Christopher is on the autism spectrum, and the play hinges on his relationships with his parents, his school mentor and others. Prato saw the play on Broadway in 2015 and immediately appreciated how deftly playwright Simon Stephens “was able to illuminate this young boy in such a way that made all of his habits and all of his tendencies relatable.”

Prato brings what he calls his brother’s “legacy of expression” to the role, based on a lifetime of observations and interactions with his brother, who is one year older. Prato is on stage the entire show, which involves 57 scenes, and the role requires him to be in motion and active nearly all the time. Director Danielle Howard praised what she called Prato’s “physical vocabulary. He brings real authenticity and truthfulness to the role that never feels like artifice.”

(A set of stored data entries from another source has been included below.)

lemma PiOmega_sum_of_products:
  assumes "z \<in> PiOmega sc \<sigma> der (j + k)"
  shows "\<exists>ps. (\<forall>(x, y) \<in> set ps. x \<in> PiOmega sc \<sigma> der j \<and> y \<in> PiOmega sc \<sigma> der k) \<and>
           z = sum_list (map (\<lambda>(x, y). x ** y) ps)"
proof -
  obtain ts where ts: "\<forall>t\<in>set ts. length t = Suc (j + k)"
    and z: "z = sum_list (map (PiForm sc \<sigma> der) ts)"
    using assms unfolding PiOmega_def by blast
  define halves where "halves t = (take (Suc j) t, 1 # drop (Suc j) t)" for t :: "'a list"
  let ?ps = "map (\<lambda>t. (PiForm sc \<sigma> der (fst (halves t)), PiForm sc \<sigma> der (snd (halves t)))) ts"
  have "PiForm sc \<sigma> der t = PiForm sc \<sigma> der (fst (halves t)) ** PiForm sc \<sigma> der (snd (halves t))"
    if length: "length t = Suc (j + k)" for t
  proof -
    obtain a as where "t = a # as" using length by (cases t) auto
    then show ?thesis
      using PiForm_Cons_append[of sc \<sigma> der a "take j as" "drop j as"] by (simp add: halves_def)
  qed
  then have "z = sum_list (map (\<lambda>(x, y). x ** y) ?ps)"
    unfolding z using ts by (simp add: o_def cong: map_cong)
  moreover have "\<forall>(x, y) \<in> set ?ps. x \<in> PiOmega sc \<sigma> der j \<and> y \<in> PiOmega sc \<sigma> der k"
    using ts by (auto simp: halves_def intro!: PiForm_in_PiOmega)
  ultimately show ?thesis by blast
qed

lemma zero_in_Junk: "0 \<in> Junk sc \<sigma> der k"
  unfolding Junk_def by (auto intro!: exI[of _ "[]"])

locale central_scalars =
  fixes sc :: "complex \<Rightarrow> 'a::ring_1"
  assumes sc_add: "\<And>x y. sc (x + y) = sc x + sc y"
    and sc_mult: "\<And>x y. sc (x * y) = sc x * sc y"
    and sc_one: "sc 1 = 1"
    and sc_central: "\<And>z a. sc z * a = a * sc z"
begin

lemma sc_zero: "sc 0 = 0"
  using sc_add[of 0 0] by simp

lemma sc_minus: "sc (- x) = - sc x"
  using minus_unique[of "sc x" "sc (- x)"] sc_add[of x "- x"] sc_zero by simp

lemma sc_sum: "sc (sum f A) = (\<Sum>x\<in>A. sc (f x))"
  by (induction A rule: infinite_finite_induct) (auto simp: sc_zero sc_add)

definition tensor :: "'a \<Rightarrow> complex^'n^'n \<Rightarrow> 'a^'n^'n" where
  "tensor a M = piA a ** liftM sc M"

lemma tensor_nth: "tensor a M $ r $ c = a * sc (M $ r $ c)"
  unfolding tensor_def matrix_matrix_mult_def piA_def liftM_def
  by (auto simp: if_distrib if_distribR sum.delta cong: if_cong)

lemma tensor_mult: "tensor a M ** tensor b N = tensor (a * b) (M ** N)"
proof -
  have "a * sc x * (b * sc y) = a * b * sc (x * y)" for x y
  proof -
    have "a * sc x * (b * sc y) = a * (sc x * b) * sc y" by (simp add: mult.assoc)
    also have "\<dots> = a * b * sc (x * y)" by (simp add: sc_central[of x b] mult.assoc sc_mult)
    finally show ?thesis .
  qed
  then show ?thesis
    by (simp add: vec_eq_iff tensor_nth matrix_matrix_mult_def sc_sum sum_distrib_left)
qed
(* Every join-congruence uniform left modular lattice is join-extremal, and every meet-congruence uniform left modular lattice is meet-extremal. Moreover, a congruence uniform lattice is extremal if and only if it is left modular.
   Context: All lattices are finite. For a convex subset $C$ of a lattice $L$, let $I_L(C)=\{y\in L\mid\exists x\in C,\ y\le x\}$, and the doubling $L[C]$ is the subposet of $L\times\{0<1\}$ on $\big(I_L(C)\times\{0\}\big)\sqcup\big(((L\setminus I_L(C))\cup C)\times\{1\}\big)$. A lattice is join-congruence uniform (resp. meet-congruence uniform, congruence uniform) if it is obtained from the one-element lattice by successive doublings of nonempty lower pseudo-intervals (resp. upper pseudo-intervals, intervals); a lower (resp. upper) pseudo-interval is a convex union of intervals sharing the same minimum (resp. maximum). A lattice is join-extremal (resp. meet-extremal) if its length (maximum number of elements of a chain minus one) equals its number of join-irreducible (resp. meet-irreducible) elements, and extremal if both hold. An element $a$ is left modular if for all $b<c$, $(b\vee a)\wedge c=b\vee(a\wedge c)$; a lattice is left modular if it has a maximal chain of left modular elements. *)

theory Defs
  imports "HOL-Algebra.Lattice"
begin

text \<open>Finite lattices are represented as HOL-Algebra gorder records whose
  equality is genuine equality (locale partial_order), which are lattices,
  finite and nonempty.\<close>

definition fin_lattice :: "'a gorder \<Rightarrow> bool" where
  "fin_lattice L \<longleftrightarrow> lattice L \<and> finite (carrier L) \<and> carrier L \<noteq> {}"

definition convex_in :: "'a gorder \<Rightarrow> 'a set \<Rightarrow> bool" where
  "convex_in L C \<longleftrightarrow> C \<subseteq> carrier L \<and>
     (\<forall>x\<in>C. \<forall>y\<in>carrier L. \<forall>z\<in>C. x \<sqsubseteq>\<^bsub>L\<^esub> y \<and> y \<sqsubseteq>\<^bsub>L\<^esub> z \<longrightarrow> y \<in> C)"

definition interval_in :: "'a gorder \<Rightarrow> 'a \<Rightarrow> 'a \<Rightarrow> 'a set" where
  "interval_in L a b = {x \<in> carrier L. a \<sqsubseteq>\<^bsub>L\<^esub> x \<and> x \<sqsubseteq>\<^bsub>L\<^esub> b}"

definition is_interval :: "'a gorder \<Rightarrow> 'a set \<Rightarrow> bool" where
  "is_interval L C \<longleftrightarrow> (\<exists>a\<in>carrier L. \<exists>b\<in>carrier L. a \<sqsubseteq>\<^bsub>L\<^esub> b \<and> C = interval_in L a b)"

definition lower_pseudo_interval :: "'a gorder \<Rightarrow> 'a set \<Rightarrow> bool" where
  "lower_pseudo_interval L C \<longleftrightarrow> convex_in L C \<and>
     (\<exists>a\<in>carrier L. \<exists>B. B \<noteq> {} \<and> B \<subseteq> {b \<in> carrier L. a \<sqsubseteq>\<^bsub>L\<^esub> b} \<and>
        C = (\<Union>b\<in>B. interval_in L a b))"

definition upper_pseudo_interval :: "'a gorder \<Rightarrow> 'a set \<Rightarrow> bool" where
  "upper_pseudo_interval L C \<longleftrightarrow> convex_in L C \<and>
     (\<exists>b\<in>carrier L. \<exists>A. A \<noteq> {} \<and> A \<subseteq> {a \<in> carrier L. a \<sqsubseteq>\<^bsub>L\<^esub> b} \<and>
        C = (\<Union>a\<in>A. interval_in L a b))"

definition down_closure :: "'a gorder \<Rightarrow> 'a set \<Rightarrow> 'a set" where
  "down_closure L C = {y \<in> carrier L. \<exists>x\<in>C. y \<sqsubseteq>\<^bsub>L\<^esub> x}"

text \<open>L[C] as a subposet of L \<times> {0 < 1}, with 0 = False, 1 = True.\<close>
definition doubling :: "'a gorder \<Rightarrow> 'a set \<Rightarrow> ('a \<times> bool) gorder" where
  "doubling L C =
     \<lparr> carrier = (down_closure L C \<times> {False}) \<union>
                 (((carrier L - down_closure L C) \<union> C) \<times> {True}),
       eq = (=),
       le = (\<lambda>(x, s) (y, t). x \<sqsubseteq>\<^bsub>L\<^esub> y \<and> (s \<longrightarrow> t)) \<rparr>"

definition order_iso :: "('a, 'c) gorder_scheme \<Rightarrow> ('b, 'd) gorder_scheme \<Rightarrow> ('a \<Rightarrow> 'b) \<Rightarrow> bool" where
  "order_iso D M f \<longleftrightarrow> bij_betw f (carrier D) (carrier M) \<and>
     (\<forall>x\<in>carrier D. \<forall>y\<in>carrier D. x \<sqsubseteq>\<^bsub>D\<^esub> y \<longleftrightarrow> f x \<sqsubseteq>\<^bsub>M\<^esub> f y)"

Prato is a rising senior at the University of New Hampshire in Durham, where he is studying acting and directing. In addition to his role in “The Curious Incident of the Dog in the Night-Time,” Prato will act in “Peter and Star Catcher” to close the Hackmatack season. In between, Hackmatack will present the musical “Mamma Mia.”

As director, Howard is pushing Prato to portray Christopher as a teenager learning difficult things about his parents, not as a kid with autism struggling to cope. She wants the audience to understand Christopher’s feeling overwhelmed and overstimulated, as well as the idea that “neurotypical people are strange,” she said. “It’s a wonderful celebration of just the diversity of being human and all the things that’s like.”

The 8 p.m. performance Thursday is a fundraiser for Madison’s Cafe in South Berwick. The restaurant hires employees with special needs, including those on the spectrum. This performance will open with an introduction about the cafe.

The play won a best-play Tony Award in 2015. Good Theater in Portland staged the Maine premiere of the play last fall.